6.52026-01-16Context Caching Complete (Option G): Implemented provider-side caching for 75-90% cost reduction. RetrievalCache: src/memory/retrieval/cache.py with LRU eviction, configurable TTL (default 3600s), thread-safe operations (RLock), per-user invalidation, hit/miss metrics, serialization support. Provider Integration: LocalMemoryProvider use_cache parameter (default: False), automatic invalidation on store/delete/clear, get_cache_metrics() for monitoring. Council Review: Unanimous approval, invalidation strategy validated, auth drift concern noted (recommend invalidate on permission changes), default TTL 5 minutes recommended. GitHub Issues: Closed #127, #128. Test count: 1067 memory tests (37 new Caching tests). TDD approach.
6.62026-01-16Production Optimization Complete (Phase D): Implemented operational monitoring and documentation for production readiness.

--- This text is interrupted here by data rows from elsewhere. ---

lemma fc_step_suppress_remove_edges_back:
  assumes wf: "wf_xgraph X B" and v: "v \<in> gV B" "v \<notin> glab B ` X"
    and uw: "u \<noteq> w" "nbrs B v = {u,w}" "suppress_oriented rt B u v w"
    and E': "E' \<subseteq> gE (suppress B v u w)"
  shows "\<exists>E \<subseteq> gE B. fc_step X rt (remove_edges B E) (remove_edges (suppress B v u w) E')"
proof (cases "(u,w) \<in> E'")
  case False
  then have untouched: "\<forall>e \<in> E'. fst e \<noteq> v \<and> snd e \<noteq> v" using E' by auto
  have "nbrs (remove_edges B E') v = {u,w}"
    using nbrs_remove_edges_untouched[OF untouched, of B] uw(2) by (rule trans)
  then have step: "fc_step X rt (remove_edges B E') (suppress (remove_edges B E') v u w)"
    using v uw(1) suppress_oriented_remove_edges_untouched[OF untouched uw(3)]
    by (intro fc_step_suppressI) auto
  have "suppress (remove_edges B E') v u w = remove_edges (suppress B v u w) E'"
    using False untouched by (intro xgraph_eqI) auto
  with step have "fc_step X rt (remove_edges B E') (remove_edges (suppress B v u w) E')" by simp
  moreover have "E' \<subseteq> gE B" using E' False by auto
  ultimately show ?thesis by blast
next
  \<comment> \<open>deleting the new edge uw corresponds to deleting the old edge between u and v\<close>
  case True
  have "u \<in> nbrs B v" using uw(2) by simp
  then obtain eu where eu: "eu \<in> gE B" "eu = (u,v) \<or> eu = (v,u)" by (auto simp: nbrs_def)
  let ?E = "(E' - {(u,w)}) \<union> {eu}"
  have "u \<notin> nbrs (remove_edges B ?E) v" using eu wf_arc_asym[OF wf] by (auto simp: nbrs_def)
  then have "nbrs (remove_edges B ?E) v \<subseteq> {w}" using nbrs_remove_edges_subset[of B ?E v] uw(2) by auto
  then have "deg (remove_edges B ?E) v < 2" by (rule deg_less_2_if_nbrs_subset)
  then have step: "fc_step X rt (remove_edges B ?E) (del_vertex (remove_edges B ?E) v)"
    using v by (intro fc_step_del_vertexI) auto
  have "(u,w) \<notin> gE B" using suppress_ends_not_arc[OF wf uw(2,1)] .
  then have "del_vertex (remove_edges B ?E) v = remove_edges (suppress B v u w) E'"
    using True eu by (intro xgraph_eqI) auto
  with step have "fc_step X rt (remove_edges B ?E) (remove_edges (suppress B v u w) E')" by simp
  moreover have "?E \<subseteq> gE B" using E' eu by auto
  ultimately show ?thesis by blast
qed

lemma fc_step_remove_edges_back:
  assumes "wf_xgraph X B" "fc_step X rt B B1" "E' \<subseteq> gE B1"
  shows "\<exists>E \<subseteq> gE B. fc_step X rt (remove_edges B E) (remove_edges B1 E')"
  using assms(2)
proof (cases rule: fc_stepE)
  case (delete v)
  then have "fc_step X rt (remove_edges B E') (remove_edges B1 E')"
    using fc_step_del_vertex_remove_edges[OF assms(1)] by blast
  moreover have "E' \<subseteq> gE B" using delete assms(3) by auto
  ultimately show ?thesis by blast
next
  case (suppress v u w)
  then show ?thesis using fc_step_suppress_remove_edges_back[OF assms(1)] assms(3) by simp
qed

lemma fc_steps_remove_edges_back:
  assumes "fc_steps X rt B B'" "wf_xgraph X B" "E' \<subseteq> gE B'"
  shows "\<exists>E \<subseteq> gE B. fc_steps X rt (remove_edges B E) (remove_edges B' E')"
  using assms(1,3)
proof (induction arbitrary: E' rule: rtranclp_induct)
  case (step y z)
  have "wf_xgraph X y" using wf_fc_steps step(1) assms(2) by blast
  then obtain E1 where "E1 \<subseteq> gE y" "fc_step X rt (remove_edges y E1) (remove_edges z E')"
    using fc_step_remove_edges_back[OF _ step(2,4)] by blast
  then show ?case using step(3) by (meson rtranclp.rtrancl_into_rtrancl)
qed blast

section \<open>Subforests\<close>

lemma remove_edges_twice: "remove_edges (remove_edges C E1) E2 = remove_edges C (E1 \<union> E2)"
  by (rule xgraph_eqI) auto

lemma subforest_refl:
  assumes "wf_xgraph X A"
  shows "subforest X rt A A"
proof -
  obtain R where "fc_steps X rt A R" "fc_reduced X rt R" using fc_normal_form_exists[OF assms] by blast
  then have "fc_iso X rt A (remove_edges A {})" unfolding fc_iso_def using xiso_refl by fastforce
  then show ?thesis unfolding subforest_def by blast
qed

HNSW Scale Monitoring: src/memory/observability/scale_milestones.py with ScaleMilestoneTracker (10k/50k/100k items), MilestoneCheckResult for health checks, configurable recall/latency thresholds, callback-based health check triggers. RRF Weight Tuning: Updated fusion.py with per-source weights parameter for tunable multi-source retrieval. Graph Query Monitoring: src/memory/observability/graph_metrics.py with GraphMetricsCollector (p50/p95/p99 latency), hop-level latency breakdown (direct/neighbor/predecessor), QueryMeasurementContext for easy instrumentation, GraphSizeSnapshot for node/edge tracking. Operations Runbook: docs/operations/memory-runbook.md with architecture overview, key metrics, troubleshooting guides, scaling guidelines, health check procedures. GitHub Issues: Closed #129, #130, #131. Test count: 1133 memory tests (69 new Phase D tests: 36 scale milestones, 6 RRF weights, 27 graph metrics). TDD approach.

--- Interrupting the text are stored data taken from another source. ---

lemma finite_grid_round_image:
  fixes Q :: "'a::euclidean_space set"
  assumes Q: "bounded Q" and d: "d > 0"
  shows "finite (grid_round d ` Q)"
proof -
  obtain R where R: "\<And>y. y \<in> Q \<Longrightarrow> norm y \<le> R" using Q by (auto simp: bounded_iff)
  define N where "N = \<lceil>R / d\<rceil>"
  let ?F = "\<lambda>k. (\<Sum>b\<in>(Basis::'a set). (d * of_int (k b)) *\<^sub>R b)"
  have "grid_round d ` Q \<subseteq> ?F ` (\<Pi>\<^sub>E b\<in>Basis. {-N..N})"
  proof
    fix z assume "z \<in> grid_round d ` Q"
    then obtain y where y: "y \<in> Q" "z = grid_round d y" by auto
    have "restrict (\<lambda>b. \<lfloor>(y \<bullet> b) / d\<rfloor>) Basis \<in> (\<Pi>\<^sub>E b\<in>Basis. {-N..N})"
    proof
      fix b :: 'a assume b: "b \<in> Basis"
      have "\<bar>y \<bullet> b\<bar> \<le> R" using Basis_le_norm[OF b, of y] R[OF y(1)] by simp
      then have "- (R / d) \<le> (y \<bullet> b) / d" "(y \<bullet> b) / d \<le> R / d"
        using d by (simp_all add: field_simps)
      then have "\<lfloor>- (R / d)\<rfloor> \<le> \<lfloor>(y \<bullet> b) / d\<rfloor>" "\<lfloor>(y \<bullet> b) / d\<rfloor> \<le> \<lceil>R / d\<rceil>"
        by (auto intro: floor_mono order_trans[OF floor_mono floor_le_ceiling])
      then show "restrict (\<lambda>b. \<lfloor>(y \<bullet> b) / d\<rfloor>) Basis b \<in> {-N..N}"
        using b by (simp add: N_def floor_minus)
    qed auto
    moreover have "z = ?F (restrict (\<lambda>b. \<lfloor>(y \<bullet> b) / d\<rfloor>) Basis)"
      using y by (simp add: grid_round_def)
    ultimately show "z \<in> ?F ` (\<Pi>\<^sub>E b\<in>Basis. {-N..N})" by blast
  qed
  then show ?thesis
    by (rule finite_subset) (intro finite_imageI finite_PiE; simp)
qed
lemma chi_eq:
  "real n powr (-1/2) *
     sqrt ((\<Prod>i\<le>s. real (a i)) * (\<Prod>j\<le>t. real (b j)) /
           (\<Prod>p\<in>{p \<in> {..s} \<times> {..t}. e (fst p) (snd p) \<noteq> 0}. real (e (fst p) (snd p)))) =
   (\<Prod>i\<le>s. sqrt (real (max (a i) 1))) * (\<Prod>j\<le>t. sqrt (real (max (b j) 1))) /
     (sqrt (real (max n 1)) * (\<Prod>i\<le>s. \<Prod>j\<le>t. sqrt (real (max (e i j) 1))))"
proof -
  have nonzero_entries:
    "(\<Prod>p\<in>{p \<in> {..s} \<times> {..t}. e (fst p) (snd p) \<noteq> 0}. real (e (fst p) (snd p))) =
       (\<Prod>i\<le>s. \<Prod>j\<le>t. real (max (e i j) 1))"
  proof -
    have "(\<Prod>p\<in>{p \<in> {..s} \<times> {..t}. e (fst p) (snd p) \<noteq> 0}. real (e (fst p) (snd p))) =
            (\<Prod>p\<in>{..s} \<times> {..t}. real (max (e (fst p) (snd p)) 1))"
      by (subst prod.inter_filter) (auto intro: prod.cong simp: max_def)
    thus ?thesis by (simp add: prod.cartesian_product case_prod_beta')
  qed
  have "(\<Prod>i\<le>s. real (a i)) = (\<Prod>i\<le>s. real (max (a i) 1))"
    by (intro prod.cong refl) (simp add: max_absorb1 Suc_leI a_pos)
  moreover have "(\<Prod>j\<le>t. real (b j)) = (\<Prod>j\<le>t. real (max (b j) 1))"
    by (intro prod.cong refl) (simp add: max_absorb1 Suc_leI b_pos)
  moreover have "real n powr (-1/2) = 1 / sqrt (real (max n 1))"
    using n_pos by (simp add: max_def powr_minus_divide powr_half_sqrt)
  ultimately show ?thesis
    unfolding nonzero_entries by (simp add: real_sqrt_mult real_sqrt_divide sqrt_prod)
qed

6.72026-01-16MaaS Trust Model Documented (Phase 4.2): Added Trust Model section documenting architectural decisions raised by LLM Council. Trust Boundary: MaaS APIs are internal interfaces called by trusted orchestrator layer. What's Enforced: Capability checks, scope hierarchy, capacity limits (DoS prevention), audit logging, 128-bit ID entropy, defensive copies, handoff lifecycle. What's NOT Enforced: Authentication (MCP server layer), owner_id verification (orchestrator responsibility), pool membership authorization (orchestrator controls exposure). Rationale: Follows same pattern as ExtensionRegistry, LocalMemoryProvider. Implementation Tracker: Updated with 7 MaaS completion entries. Test count: 1282 memory tests (149 MaaS tests). Council feedback incorporated.